Matrix Q Generation from QR Factorization

UNGQR (UNitary matrix Generation after QR factorization) explicitly generates the unitary matrix Q from the QR factorization GEQRF. Recall that the QR factorization of a M x N matrix A is given by:

\[A = Q * R\]

where R is an (N x N) upper triangular matrix, and Q is an (M x N) unitary matrix with orthonormal columns, defined as the first N columns of a product of K Householder reflectors H of order M:

\[ \begin{align}\begin{aligned}Q &= H(0) * H(1) * . . . * H(K - 1),\\H(i) &= I - tau[i] * v * v^H\end{aligned}\end{align} \]

Function GEQRF does not explicitly form Q. The elements below the diagonal of A, i.e., the vectors v, with the array tau, represent the matrix Q as a product of a sequence of K Householder reflectors.

Function ungqr explicitly forms Q as a (M x N) unitary matrix, where M >= N >= K is required.

cuSolverDx ungqr device functions are (see Execution Methods):

__device__ void execute(data_type* A, const data_type* tau);
// with runtime leading dimensions
__device__ void execute(data_type* A, const unsigned int lda, const data_type* tau);

A is a batched M x N matrix coming from the output of GEQRF, with leading dimension lda >= M if A is in column-major layout, or lda >= N if A is row-major.

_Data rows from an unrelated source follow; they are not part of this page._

lemma tendsto_INF_measure_util_ext_le:
  fixes U :: "nat \<Rightarrow> (nat \<Rightarrow> 'a) \<Rightarrow> real \<Rightarrow> real" and \<mu> :: "'p \<Rightarrow> (nat \<Rightarrow> 'a) measure"
  assumes ne: "\<P> \<noteq> {}"
    and prob: "\<And>P. P \<in> \<P> \<Longrightarrow> prob_space (\<mu> P)"
    and space: "\<And>P. P \<in> \<P> \<Longrightarrow> space (\<mu> P) = \<Omega>"
    and utility: "\<And>n \<omega>. \<omega> \<in> \<Omega> \<Longrightarrow> concave_on {0<..} (U n \<omega>) \<and> mono_on {0<..} (U n \<omega>) \<and>
        (\<forall>z>0. U n \<omega> differentiable at z \<and> deriv (U n \<omega>) differentiable at z)"
    and meas: "\<And>n P. P \<in> \<P> \<Longrightarrow> \<forall>y>0. (\<lambda>\<omega>. U n \<omega> y) \<in> borel_measurable (\<mu> P)"
    and bound: "\<And>n P. P \<in> \<P> \<Longrightarrow> (\<integral>\<^sup>+\<omega>. ennreal (max (U n \<omega> x0) 0) \<partial>\<mu> P) \<le> ennreal B" "0 \<le> B"
    and curv: "\<And>\<epsilon> C. 0 < \<epsilon> \<Longrightarrow> \<epsilon> < x0 \<Longrightarrow> 0 \<le> C \<Longrightarrow>
       (\<lambda>n. INF P\<in>\<P>. ereal (measure (\<mu> P)
          {\<omega>\<in>\<Omega>. integral {x0 - \<epsilon>/2..x0} (deriv (deriv (U n \<omega>))) < - C / \<epsilon>})) \<longlonglongrightarrow> 1"
    and x: "0 \<le> x" "x < x0" and L: "0 \<le> L"
  shows "(\<lambda>n. INF P\<in>\<P>. ereal (measure (\<mu> P) {\<omega>\<in>\<Omega>. util_ext (U n) \<omega> x \<le> - ereal L})) \<longlonglongrightarrow> 1"
proof (rule tendsto_INF_ereal_1I[OF ne])
  fix n P assume "P \<in> \<P>"
  then show "measure (\<mu> P) {\<omega>\<in>\<Omega>. util_ext (U n) \<omega> x \<le> - ereal L} \<le> 1"
    using prob by (simp add: prob_space.prob_le_1)
next
  fix \<delta> :: real assume \<delta>: "0 < \<delta>"
  define K where "K = 2 * B / \<delta> + 1"
  define \<epsilon> where "\<epsilon> = (x0 - x) / 2"
  have K: "0 < K" "B / K < \<delta> / 2"
    using bound(2) \<delta> by (auto simp: K_def field_simps add_nonneg_pos)
  have \<epsilon>: "0 < \<epsilon>" "\<epsilon> < x0" "x \<le> x0 - \<epsilon>"
    using x by (auto simp: \<epsilon>_def field_simps)
  have "\<forall>\<^sub>F n in sequentially. \<forall>P\<in>\<P>. 1 - \<delta> / 2 < measure (\<mu> P)
      {\<omega>\<in>\<Omega>. integral {x0 - \<epsilon>/2..x0} (deriv (deriv (U n \<omega>))) < - (2 * (K + L)) / \<epsilon>}"
    using \<epsilon> K L \<delta> by (intro tendsto_INF_ereal_1D curv) auto
  then show "\<forall>\<^sub>F n in sequentially.
      \<forall>P\<in>\<P>. 1 - \<delta> < measure (\<mu> P) {\<omega>\<in>\<Omega>. util_ext (U n) \<omega> x \<le> - ereal L}"
  proof (rule eventually_mono)
    fix n assume curv_n: "\<forall>P\<in>\<P>. 1 - \<delta> / 2 < measure (\<mu> P)
      {\<omega>\<in>\<Omega>. integral {x0 - \<epsilon>/2..x0} (deriv (deriv (U n \<omega>))) < - (2 * (K + L)) / \<epsilon>}"
    show "\<forall>P\<in>\<P>. 1 - \<delta> < measure (\<mu> P) {\<omega>\<in>\<Omega>. util_ext (U n) \<omega> x \<le> - ereal L}"
    proof
      fix P assume P: "P \<in> \<P>"
      have "measure (\<mu> P)
          {\<omega>\<in>space (\<mu> P). integral {x0 - \<epsilon>/2..x0} (deriv (deriv (U n \<omega>))) < - (2 * (K + L)) / \<epsilon>}
          - B / K \<le> measure (\<mu> P) {\<omega>\<in>space (\<mu> P). util_ext (U n) \<omega> x \<le> - ereal L}"
        using utility space[OF P] by (intro measure_util_ext_le_lower_bound prob P meas bound K \<epsilon> x) auto
      then show "1 - \<delta> < measure (\<mu> P) {\<omega>\<in>\<Omega>. util_ext (U n) \<omega> x \<le> - ereal L}"
        using curv_n P K(2) unfolding space[OF P] by fastforce
    qed
  qed
qed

The upper triangular part of A contains the vectors v that define the elementary Householder reflectors.

Array tau is an input array of size K for each batch, coming from the output of GEQRF.

After the function returns, A is overwritten with the matrix Q.

The functions support:

1. A being either column- or row-major memory layout, see Arrangement Operator.

2. Matrix A dimension M >= N >= K is required.